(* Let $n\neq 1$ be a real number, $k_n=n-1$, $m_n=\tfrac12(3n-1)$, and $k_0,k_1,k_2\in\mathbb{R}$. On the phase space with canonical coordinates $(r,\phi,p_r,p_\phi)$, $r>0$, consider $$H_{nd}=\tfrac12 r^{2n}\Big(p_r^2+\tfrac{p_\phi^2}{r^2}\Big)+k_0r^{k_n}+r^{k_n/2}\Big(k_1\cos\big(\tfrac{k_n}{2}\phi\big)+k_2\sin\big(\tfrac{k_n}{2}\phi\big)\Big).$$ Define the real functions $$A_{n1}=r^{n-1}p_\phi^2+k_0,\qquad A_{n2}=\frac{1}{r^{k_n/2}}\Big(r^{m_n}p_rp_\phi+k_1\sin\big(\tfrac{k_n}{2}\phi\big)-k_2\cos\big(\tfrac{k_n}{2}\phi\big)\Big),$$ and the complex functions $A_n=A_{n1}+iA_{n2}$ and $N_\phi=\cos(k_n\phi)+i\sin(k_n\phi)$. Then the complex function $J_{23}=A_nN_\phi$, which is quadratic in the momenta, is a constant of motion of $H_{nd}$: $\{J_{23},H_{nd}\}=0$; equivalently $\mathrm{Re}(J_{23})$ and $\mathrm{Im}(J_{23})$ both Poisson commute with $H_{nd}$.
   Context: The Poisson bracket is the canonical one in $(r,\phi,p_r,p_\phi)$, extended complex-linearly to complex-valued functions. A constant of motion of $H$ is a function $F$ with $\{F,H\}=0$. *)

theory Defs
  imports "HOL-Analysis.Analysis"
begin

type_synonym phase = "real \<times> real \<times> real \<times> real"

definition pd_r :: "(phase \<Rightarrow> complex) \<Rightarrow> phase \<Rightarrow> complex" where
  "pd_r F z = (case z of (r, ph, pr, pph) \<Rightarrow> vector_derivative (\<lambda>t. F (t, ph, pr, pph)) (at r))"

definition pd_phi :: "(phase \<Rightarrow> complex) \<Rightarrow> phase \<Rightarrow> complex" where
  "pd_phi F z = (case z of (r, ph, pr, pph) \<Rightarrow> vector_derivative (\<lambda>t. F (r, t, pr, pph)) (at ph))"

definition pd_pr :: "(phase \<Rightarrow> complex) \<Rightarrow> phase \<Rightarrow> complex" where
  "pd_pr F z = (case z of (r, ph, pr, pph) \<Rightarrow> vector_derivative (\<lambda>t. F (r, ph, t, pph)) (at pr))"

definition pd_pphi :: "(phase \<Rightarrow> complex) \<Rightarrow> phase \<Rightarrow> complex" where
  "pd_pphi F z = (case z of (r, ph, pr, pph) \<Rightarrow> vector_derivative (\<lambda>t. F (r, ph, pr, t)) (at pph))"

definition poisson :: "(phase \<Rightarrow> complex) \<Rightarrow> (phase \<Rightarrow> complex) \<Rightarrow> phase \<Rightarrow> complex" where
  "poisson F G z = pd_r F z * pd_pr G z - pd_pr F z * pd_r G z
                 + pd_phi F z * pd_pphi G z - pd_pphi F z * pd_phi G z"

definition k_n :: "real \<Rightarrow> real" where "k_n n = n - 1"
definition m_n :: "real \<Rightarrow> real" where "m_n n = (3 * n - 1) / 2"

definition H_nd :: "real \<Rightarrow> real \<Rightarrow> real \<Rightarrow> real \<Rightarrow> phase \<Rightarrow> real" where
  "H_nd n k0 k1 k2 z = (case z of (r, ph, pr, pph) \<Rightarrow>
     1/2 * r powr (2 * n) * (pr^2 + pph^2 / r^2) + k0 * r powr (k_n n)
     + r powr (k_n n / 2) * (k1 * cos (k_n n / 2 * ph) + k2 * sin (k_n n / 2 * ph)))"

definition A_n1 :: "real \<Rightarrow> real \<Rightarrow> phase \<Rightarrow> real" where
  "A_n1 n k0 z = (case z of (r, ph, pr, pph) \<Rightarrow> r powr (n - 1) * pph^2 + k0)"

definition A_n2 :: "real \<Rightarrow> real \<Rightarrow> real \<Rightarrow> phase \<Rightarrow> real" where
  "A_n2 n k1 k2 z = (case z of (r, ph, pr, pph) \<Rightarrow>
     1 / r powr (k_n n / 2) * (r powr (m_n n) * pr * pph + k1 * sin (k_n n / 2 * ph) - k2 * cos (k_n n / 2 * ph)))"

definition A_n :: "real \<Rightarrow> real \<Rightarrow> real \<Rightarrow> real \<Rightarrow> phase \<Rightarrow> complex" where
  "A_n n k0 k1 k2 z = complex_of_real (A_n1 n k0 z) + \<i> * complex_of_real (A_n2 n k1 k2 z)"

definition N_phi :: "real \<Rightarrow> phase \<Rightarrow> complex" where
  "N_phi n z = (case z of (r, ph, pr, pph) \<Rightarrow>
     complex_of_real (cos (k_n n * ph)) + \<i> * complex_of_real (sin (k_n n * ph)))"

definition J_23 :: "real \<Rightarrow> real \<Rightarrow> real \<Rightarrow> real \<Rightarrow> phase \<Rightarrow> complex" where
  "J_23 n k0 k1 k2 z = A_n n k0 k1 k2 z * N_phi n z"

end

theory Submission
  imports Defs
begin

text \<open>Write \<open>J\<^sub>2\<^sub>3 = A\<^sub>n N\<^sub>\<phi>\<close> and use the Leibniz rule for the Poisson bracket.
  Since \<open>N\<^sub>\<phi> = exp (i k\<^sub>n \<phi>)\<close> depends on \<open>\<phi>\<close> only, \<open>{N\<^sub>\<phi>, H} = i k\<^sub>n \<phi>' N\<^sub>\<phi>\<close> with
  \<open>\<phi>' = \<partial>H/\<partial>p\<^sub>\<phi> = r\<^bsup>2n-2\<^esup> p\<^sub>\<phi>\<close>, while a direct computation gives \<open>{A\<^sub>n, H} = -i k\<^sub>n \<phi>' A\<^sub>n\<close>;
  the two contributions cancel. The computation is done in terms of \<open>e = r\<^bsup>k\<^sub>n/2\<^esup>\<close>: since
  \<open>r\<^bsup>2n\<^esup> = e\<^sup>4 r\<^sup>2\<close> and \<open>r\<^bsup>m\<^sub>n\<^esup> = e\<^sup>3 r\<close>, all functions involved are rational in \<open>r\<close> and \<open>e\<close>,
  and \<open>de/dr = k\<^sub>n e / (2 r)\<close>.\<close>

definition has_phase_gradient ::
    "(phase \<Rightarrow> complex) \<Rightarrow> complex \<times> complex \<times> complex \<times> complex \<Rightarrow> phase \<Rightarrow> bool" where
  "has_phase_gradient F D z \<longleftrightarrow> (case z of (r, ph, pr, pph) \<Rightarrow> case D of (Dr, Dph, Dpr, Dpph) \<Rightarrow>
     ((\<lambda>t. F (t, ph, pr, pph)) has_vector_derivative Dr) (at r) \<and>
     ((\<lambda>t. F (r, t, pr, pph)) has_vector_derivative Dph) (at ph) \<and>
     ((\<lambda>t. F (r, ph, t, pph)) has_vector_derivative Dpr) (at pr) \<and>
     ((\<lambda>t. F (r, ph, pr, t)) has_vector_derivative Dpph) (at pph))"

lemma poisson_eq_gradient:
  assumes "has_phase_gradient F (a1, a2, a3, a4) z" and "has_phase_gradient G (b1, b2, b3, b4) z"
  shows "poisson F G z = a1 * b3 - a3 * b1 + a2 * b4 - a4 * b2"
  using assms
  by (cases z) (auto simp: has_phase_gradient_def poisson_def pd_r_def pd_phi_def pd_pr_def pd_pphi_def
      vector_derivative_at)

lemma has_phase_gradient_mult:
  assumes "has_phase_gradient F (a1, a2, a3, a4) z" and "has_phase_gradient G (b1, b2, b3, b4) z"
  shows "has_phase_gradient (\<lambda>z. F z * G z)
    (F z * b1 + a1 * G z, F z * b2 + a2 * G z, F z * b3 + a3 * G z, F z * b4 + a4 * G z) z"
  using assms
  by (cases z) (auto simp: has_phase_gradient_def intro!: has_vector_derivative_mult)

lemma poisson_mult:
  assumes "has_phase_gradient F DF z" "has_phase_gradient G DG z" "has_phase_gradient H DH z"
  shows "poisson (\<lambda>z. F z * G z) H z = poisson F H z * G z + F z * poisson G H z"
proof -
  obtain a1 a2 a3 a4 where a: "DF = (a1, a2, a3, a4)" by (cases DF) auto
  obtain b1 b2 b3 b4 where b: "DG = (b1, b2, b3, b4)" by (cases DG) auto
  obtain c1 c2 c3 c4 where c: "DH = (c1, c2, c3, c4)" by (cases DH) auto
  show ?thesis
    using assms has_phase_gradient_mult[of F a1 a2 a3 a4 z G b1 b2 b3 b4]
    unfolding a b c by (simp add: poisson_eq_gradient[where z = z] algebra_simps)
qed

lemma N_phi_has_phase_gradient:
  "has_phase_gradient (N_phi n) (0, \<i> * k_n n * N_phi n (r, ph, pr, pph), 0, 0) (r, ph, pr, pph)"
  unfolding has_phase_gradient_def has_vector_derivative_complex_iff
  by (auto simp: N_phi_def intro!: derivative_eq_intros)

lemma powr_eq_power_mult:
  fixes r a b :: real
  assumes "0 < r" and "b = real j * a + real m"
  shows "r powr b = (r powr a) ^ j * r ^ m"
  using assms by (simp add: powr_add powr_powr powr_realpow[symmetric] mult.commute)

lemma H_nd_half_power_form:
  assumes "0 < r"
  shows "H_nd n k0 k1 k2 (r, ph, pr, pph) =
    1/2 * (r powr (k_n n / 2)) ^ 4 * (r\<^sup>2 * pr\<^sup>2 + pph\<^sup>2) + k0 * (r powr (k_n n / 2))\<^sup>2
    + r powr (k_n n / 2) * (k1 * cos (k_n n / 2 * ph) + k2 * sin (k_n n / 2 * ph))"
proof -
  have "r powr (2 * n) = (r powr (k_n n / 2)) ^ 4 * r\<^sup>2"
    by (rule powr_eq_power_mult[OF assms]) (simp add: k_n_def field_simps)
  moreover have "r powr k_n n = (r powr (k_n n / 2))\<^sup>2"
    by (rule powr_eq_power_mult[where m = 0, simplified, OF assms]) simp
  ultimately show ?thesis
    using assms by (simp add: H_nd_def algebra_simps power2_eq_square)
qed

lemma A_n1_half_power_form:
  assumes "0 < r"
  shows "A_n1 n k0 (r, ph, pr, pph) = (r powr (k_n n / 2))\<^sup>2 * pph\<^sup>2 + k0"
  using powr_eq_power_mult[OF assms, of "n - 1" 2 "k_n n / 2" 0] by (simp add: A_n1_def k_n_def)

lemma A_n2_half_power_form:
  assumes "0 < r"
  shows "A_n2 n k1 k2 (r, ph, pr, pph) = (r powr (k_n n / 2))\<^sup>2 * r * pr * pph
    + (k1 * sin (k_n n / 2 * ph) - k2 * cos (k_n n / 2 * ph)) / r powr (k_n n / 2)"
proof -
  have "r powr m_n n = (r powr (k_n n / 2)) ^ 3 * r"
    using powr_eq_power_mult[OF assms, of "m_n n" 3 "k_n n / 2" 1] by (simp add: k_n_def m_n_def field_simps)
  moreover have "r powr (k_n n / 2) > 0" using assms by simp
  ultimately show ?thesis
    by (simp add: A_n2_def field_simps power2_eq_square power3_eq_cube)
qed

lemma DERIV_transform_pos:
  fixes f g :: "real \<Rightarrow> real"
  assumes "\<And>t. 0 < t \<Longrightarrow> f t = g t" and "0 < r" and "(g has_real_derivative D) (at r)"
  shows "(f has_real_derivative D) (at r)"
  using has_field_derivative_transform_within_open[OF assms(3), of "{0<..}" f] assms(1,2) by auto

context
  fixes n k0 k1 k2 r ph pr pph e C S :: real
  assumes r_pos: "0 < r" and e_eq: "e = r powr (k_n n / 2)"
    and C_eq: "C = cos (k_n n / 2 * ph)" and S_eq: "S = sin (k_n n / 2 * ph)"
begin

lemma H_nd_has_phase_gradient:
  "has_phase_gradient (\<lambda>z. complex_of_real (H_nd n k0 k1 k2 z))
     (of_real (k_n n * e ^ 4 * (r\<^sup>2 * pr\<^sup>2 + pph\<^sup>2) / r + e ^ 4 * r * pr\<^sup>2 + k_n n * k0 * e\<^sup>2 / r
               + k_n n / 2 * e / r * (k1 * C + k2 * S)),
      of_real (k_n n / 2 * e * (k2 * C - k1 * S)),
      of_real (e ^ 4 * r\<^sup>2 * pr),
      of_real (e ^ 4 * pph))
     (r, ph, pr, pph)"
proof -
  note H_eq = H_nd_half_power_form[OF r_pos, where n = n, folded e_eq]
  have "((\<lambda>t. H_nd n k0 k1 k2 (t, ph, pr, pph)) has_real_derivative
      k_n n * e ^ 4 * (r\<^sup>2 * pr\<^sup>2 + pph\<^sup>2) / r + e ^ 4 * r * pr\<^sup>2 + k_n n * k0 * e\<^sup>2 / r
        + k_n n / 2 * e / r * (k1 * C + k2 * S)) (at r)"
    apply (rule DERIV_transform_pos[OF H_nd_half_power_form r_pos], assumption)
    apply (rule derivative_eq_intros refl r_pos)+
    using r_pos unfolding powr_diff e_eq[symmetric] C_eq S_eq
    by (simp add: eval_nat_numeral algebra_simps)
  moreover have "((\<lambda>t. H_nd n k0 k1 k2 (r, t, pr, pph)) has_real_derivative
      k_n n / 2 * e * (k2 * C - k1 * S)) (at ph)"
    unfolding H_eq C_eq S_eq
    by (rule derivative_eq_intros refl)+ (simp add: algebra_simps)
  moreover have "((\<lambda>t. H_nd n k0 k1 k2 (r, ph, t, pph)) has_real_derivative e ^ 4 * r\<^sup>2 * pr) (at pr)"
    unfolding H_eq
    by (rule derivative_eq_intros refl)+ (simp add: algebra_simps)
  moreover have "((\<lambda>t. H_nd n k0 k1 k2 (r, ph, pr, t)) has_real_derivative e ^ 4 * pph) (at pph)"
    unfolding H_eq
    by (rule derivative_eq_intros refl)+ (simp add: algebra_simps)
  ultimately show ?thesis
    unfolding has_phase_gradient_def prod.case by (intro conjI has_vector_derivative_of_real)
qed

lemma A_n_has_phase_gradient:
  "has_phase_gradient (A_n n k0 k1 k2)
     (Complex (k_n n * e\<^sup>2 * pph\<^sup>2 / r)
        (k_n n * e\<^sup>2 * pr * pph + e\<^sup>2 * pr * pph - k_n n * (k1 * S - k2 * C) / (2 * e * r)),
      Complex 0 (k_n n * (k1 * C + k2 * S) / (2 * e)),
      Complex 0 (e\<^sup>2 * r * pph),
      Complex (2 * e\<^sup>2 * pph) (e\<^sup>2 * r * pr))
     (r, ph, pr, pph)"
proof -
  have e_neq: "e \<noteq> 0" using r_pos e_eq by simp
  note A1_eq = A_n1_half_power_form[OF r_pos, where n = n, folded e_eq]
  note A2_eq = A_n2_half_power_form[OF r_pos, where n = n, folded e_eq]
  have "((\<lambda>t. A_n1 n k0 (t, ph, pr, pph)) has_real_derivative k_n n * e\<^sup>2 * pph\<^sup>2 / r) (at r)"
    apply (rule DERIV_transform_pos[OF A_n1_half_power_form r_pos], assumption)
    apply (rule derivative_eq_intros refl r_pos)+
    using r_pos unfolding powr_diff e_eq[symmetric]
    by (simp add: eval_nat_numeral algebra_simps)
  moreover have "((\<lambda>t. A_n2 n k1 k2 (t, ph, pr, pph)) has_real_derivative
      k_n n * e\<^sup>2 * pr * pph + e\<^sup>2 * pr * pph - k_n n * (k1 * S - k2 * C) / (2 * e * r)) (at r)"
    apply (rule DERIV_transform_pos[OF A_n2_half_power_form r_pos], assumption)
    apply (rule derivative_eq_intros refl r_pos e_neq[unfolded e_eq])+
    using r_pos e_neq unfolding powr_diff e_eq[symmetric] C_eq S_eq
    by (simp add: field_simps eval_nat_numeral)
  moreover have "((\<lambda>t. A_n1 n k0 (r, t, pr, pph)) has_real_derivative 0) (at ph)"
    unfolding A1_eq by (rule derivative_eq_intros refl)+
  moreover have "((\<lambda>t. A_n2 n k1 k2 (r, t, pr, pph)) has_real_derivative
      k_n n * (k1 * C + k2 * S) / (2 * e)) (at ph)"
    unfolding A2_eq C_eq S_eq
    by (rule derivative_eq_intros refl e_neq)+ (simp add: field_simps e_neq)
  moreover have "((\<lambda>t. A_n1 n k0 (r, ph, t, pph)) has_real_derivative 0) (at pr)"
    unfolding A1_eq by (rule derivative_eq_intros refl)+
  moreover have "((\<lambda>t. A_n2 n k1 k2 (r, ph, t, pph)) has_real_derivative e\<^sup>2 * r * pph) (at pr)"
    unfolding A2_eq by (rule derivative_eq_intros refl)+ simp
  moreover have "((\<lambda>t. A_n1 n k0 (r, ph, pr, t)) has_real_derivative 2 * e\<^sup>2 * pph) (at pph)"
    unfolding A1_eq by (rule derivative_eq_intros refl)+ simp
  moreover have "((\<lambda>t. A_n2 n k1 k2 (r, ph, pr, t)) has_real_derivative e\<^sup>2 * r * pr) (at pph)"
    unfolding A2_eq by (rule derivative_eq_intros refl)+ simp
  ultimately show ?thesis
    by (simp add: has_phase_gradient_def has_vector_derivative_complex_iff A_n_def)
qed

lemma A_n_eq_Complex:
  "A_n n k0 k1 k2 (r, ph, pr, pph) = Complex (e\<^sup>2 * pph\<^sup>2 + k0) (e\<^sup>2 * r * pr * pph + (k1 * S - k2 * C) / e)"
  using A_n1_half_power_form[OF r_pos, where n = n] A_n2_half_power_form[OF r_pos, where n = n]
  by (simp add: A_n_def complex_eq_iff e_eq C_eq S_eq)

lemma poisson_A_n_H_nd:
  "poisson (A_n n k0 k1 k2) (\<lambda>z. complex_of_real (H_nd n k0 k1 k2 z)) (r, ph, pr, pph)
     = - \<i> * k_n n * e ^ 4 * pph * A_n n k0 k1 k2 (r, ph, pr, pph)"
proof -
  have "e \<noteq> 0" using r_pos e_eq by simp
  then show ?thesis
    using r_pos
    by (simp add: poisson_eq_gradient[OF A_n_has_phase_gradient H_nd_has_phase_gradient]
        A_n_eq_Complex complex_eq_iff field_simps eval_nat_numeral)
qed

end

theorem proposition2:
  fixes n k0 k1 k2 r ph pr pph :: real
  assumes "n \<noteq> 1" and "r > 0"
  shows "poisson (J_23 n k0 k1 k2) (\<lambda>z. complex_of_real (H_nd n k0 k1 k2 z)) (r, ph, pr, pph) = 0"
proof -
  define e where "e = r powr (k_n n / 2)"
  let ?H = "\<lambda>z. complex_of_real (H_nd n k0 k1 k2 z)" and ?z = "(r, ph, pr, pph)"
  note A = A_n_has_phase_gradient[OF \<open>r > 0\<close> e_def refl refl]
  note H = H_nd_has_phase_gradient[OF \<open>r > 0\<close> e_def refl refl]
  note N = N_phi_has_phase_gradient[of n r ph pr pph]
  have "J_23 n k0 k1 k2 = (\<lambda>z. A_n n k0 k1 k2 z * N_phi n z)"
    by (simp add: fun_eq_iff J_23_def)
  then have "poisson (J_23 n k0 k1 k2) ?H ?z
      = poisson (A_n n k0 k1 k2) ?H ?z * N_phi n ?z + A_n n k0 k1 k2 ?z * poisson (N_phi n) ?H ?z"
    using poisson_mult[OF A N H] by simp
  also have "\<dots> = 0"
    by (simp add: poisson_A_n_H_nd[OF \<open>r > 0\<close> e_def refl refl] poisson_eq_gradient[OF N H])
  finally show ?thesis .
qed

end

━━━

(How to complete this task):
Throughout the records above, find the lines in which the word "apply" appears and return them.

(Result):
    apply (rule DERIV_transform_pos[OF H_nd_half_power_form r_pos], assumption)
    apply (rule derivative_eq_intros refl r_pos)+
    apply (rule DERIV_transform_pos[OF A_n1_half_power_form r_pos], assumption)
    apply (rule derivative_eq_intros refl r_pos)+
    apply (rule DERIV_transform_pos[OF A_n2_half_power_form r_pos], assumption)
    apply (rule derivative_eq_intros refl r_pos e_neq[unfolded e_eq])+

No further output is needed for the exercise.